- [SUPPLIED INFORMATION]
┄┄┄┄┄┄┄┄┄┄┄┄┄┄┄┄┄┄┄┄
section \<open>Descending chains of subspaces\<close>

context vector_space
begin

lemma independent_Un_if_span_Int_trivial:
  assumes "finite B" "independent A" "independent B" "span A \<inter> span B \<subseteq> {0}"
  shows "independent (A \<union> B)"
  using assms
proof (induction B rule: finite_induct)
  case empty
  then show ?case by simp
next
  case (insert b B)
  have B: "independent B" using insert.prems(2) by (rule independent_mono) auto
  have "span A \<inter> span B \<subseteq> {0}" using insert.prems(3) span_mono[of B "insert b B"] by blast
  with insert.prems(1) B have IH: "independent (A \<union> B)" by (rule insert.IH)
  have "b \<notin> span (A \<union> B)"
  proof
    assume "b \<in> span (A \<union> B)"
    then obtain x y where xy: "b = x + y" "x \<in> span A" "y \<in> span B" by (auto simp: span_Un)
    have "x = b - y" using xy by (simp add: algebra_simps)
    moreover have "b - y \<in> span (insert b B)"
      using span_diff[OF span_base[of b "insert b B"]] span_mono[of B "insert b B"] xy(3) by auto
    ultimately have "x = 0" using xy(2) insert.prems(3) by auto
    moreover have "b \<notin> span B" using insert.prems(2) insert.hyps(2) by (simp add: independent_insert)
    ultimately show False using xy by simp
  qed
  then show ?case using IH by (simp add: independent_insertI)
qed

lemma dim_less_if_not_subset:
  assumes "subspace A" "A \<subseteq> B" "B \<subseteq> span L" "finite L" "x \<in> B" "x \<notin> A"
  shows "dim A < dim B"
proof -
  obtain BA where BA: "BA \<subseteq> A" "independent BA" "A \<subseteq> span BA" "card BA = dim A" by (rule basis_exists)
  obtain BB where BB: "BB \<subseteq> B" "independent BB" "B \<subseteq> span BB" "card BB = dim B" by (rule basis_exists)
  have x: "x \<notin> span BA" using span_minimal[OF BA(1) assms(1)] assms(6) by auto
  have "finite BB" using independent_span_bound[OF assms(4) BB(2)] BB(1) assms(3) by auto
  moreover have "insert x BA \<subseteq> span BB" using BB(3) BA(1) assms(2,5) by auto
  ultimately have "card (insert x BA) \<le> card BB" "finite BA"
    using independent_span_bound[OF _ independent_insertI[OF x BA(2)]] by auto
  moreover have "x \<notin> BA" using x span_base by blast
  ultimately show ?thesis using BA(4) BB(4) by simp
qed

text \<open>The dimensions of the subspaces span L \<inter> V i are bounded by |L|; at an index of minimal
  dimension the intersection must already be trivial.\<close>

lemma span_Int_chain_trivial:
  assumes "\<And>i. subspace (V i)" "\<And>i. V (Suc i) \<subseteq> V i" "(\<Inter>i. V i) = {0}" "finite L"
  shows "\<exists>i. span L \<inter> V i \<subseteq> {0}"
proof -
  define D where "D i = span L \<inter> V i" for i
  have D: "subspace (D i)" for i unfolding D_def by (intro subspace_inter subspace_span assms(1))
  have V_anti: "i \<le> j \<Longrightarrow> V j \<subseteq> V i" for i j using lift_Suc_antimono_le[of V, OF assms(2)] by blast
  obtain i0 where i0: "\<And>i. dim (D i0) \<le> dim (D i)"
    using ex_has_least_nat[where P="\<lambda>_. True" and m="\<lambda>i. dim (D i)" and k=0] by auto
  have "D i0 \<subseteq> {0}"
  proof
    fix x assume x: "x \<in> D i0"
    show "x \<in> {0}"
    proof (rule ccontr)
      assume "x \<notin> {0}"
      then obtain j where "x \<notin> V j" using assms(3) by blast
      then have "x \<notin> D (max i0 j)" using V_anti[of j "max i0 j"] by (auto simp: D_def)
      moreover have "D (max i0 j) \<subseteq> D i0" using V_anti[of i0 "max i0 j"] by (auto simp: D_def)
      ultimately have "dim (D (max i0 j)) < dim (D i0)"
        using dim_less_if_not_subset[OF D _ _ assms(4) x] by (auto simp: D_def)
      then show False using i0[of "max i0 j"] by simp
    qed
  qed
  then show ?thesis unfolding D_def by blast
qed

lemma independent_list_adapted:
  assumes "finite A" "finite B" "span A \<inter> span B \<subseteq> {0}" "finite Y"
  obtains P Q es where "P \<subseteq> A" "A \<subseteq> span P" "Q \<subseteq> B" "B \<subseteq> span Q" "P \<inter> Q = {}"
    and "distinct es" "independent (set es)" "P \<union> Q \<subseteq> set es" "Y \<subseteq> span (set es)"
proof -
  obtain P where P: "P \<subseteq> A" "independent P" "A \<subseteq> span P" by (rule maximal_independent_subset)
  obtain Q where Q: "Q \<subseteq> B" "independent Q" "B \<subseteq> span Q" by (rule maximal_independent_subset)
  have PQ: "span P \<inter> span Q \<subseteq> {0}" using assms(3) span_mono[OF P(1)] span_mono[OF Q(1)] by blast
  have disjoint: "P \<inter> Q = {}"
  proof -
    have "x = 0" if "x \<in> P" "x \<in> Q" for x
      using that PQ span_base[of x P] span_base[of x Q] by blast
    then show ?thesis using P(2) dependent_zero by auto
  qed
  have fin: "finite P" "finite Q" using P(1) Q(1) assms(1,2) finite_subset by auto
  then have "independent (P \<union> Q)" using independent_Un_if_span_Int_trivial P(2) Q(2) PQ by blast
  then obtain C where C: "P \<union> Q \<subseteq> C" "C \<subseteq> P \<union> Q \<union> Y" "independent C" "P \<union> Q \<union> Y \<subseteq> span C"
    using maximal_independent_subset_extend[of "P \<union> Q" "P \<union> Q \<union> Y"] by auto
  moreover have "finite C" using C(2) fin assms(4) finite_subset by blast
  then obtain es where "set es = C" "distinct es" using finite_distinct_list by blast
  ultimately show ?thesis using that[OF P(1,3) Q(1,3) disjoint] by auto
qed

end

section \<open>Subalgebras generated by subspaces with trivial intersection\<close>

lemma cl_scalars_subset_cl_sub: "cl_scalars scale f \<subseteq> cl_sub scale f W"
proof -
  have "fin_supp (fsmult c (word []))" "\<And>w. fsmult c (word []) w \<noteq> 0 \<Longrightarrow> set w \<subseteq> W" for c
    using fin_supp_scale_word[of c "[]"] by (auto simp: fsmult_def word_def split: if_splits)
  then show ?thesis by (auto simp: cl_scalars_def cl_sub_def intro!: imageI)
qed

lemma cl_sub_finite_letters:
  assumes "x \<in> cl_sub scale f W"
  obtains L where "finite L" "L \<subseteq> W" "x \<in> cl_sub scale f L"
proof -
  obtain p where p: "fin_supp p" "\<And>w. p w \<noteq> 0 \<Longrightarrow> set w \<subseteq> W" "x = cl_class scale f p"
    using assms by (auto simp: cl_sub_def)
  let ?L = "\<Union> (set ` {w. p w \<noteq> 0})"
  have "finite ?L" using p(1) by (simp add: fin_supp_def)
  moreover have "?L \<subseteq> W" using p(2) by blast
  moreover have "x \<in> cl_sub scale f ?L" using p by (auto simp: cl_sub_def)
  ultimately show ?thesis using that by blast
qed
┄┄┄┄┄┄┄┄┄┄┄┄┄┄┄┄┄┄┄┄
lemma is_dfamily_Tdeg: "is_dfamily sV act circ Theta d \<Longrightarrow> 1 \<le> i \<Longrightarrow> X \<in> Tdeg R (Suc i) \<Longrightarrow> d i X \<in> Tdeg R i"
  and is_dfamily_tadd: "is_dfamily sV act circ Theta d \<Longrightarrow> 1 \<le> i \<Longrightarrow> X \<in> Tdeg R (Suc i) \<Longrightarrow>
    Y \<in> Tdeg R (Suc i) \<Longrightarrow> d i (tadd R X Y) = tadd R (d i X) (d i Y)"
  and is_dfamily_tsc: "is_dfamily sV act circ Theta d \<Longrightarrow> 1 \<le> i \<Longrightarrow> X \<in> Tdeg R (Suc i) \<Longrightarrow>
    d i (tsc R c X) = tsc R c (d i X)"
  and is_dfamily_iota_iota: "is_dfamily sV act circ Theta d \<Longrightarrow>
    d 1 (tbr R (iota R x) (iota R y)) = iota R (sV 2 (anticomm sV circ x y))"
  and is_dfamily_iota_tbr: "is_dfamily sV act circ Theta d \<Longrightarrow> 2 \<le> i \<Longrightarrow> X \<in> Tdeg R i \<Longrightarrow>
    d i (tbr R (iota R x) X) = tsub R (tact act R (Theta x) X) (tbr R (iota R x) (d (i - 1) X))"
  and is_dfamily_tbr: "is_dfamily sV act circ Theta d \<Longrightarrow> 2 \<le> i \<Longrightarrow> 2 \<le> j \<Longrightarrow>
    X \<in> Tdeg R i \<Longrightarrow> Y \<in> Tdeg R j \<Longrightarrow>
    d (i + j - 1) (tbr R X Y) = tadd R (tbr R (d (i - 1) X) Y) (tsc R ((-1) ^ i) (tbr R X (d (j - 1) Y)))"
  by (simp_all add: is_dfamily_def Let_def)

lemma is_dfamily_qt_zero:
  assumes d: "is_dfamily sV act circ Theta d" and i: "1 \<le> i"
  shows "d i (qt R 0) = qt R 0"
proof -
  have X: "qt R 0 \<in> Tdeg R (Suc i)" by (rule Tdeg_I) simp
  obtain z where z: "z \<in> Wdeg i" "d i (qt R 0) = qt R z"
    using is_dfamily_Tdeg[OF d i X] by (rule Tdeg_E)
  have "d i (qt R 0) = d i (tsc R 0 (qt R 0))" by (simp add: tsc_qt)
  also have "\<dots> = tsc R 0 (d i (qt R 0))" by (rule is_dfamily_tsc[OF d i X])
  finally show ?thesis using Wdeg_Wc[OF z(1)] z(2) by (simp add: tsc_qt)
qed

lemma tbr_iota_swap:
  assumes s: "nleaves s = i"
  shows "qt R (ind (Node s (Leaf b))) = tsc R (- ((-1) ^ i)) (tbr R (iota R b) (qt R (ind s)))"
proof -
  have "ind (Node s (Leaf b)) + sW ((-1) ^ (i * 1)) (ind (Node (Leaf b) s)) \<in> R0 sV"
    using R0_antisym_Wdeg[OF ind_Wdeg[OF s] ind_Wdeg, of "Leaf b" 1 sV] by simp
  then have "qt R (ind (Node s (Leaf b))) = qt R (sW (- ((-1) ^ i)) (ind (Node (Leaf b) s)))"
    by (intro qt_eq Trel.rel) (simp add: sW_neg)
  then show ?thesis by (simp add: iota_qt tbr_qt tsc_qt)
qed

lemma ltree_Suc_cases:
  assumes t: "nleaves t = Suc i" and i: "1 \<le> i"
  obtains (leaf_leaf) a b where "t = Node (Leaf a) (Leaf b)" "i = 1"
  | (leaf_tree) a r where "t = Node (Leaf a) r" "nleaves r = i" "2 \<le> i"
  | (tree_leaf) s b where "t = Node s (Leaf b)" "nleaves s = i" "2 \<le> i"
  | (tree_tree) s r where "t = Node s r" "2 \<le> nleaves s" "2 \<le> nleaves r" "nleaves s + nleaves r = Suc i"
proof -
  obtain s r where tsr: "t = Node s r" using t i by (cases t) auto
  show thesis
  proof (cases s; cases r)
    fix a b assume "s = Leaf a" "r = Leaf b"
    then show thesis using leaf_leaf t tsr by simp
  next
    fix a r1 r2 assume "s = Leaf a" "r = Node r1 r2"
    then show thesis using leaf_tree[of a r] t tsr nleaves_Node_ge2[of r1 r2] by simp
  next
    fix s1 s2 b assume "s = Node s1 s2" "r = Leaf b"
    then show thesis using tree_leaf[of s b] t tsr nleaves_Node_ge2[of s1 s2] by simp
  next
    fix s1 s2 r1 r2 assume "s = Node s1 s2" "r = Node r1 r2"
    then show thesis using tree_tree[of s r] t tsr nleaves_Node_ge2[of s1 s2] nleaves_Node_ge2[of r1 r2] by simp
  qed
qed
┄┄┄┄┄┄┄┄┄┄┄┄┄┄┄┄┄┄┄┄
- [WHAT YOU SHOULD DO] Show all lines from the data above in which the word "close" appears.

- [PROBLEM SOLUTION]
section \<open>Descending chains of subspaces\<close>
  dimension the intersection must already be trivial.\<close>
section \<open>Subalgebras generated by subspaces with trivial intersection\<close>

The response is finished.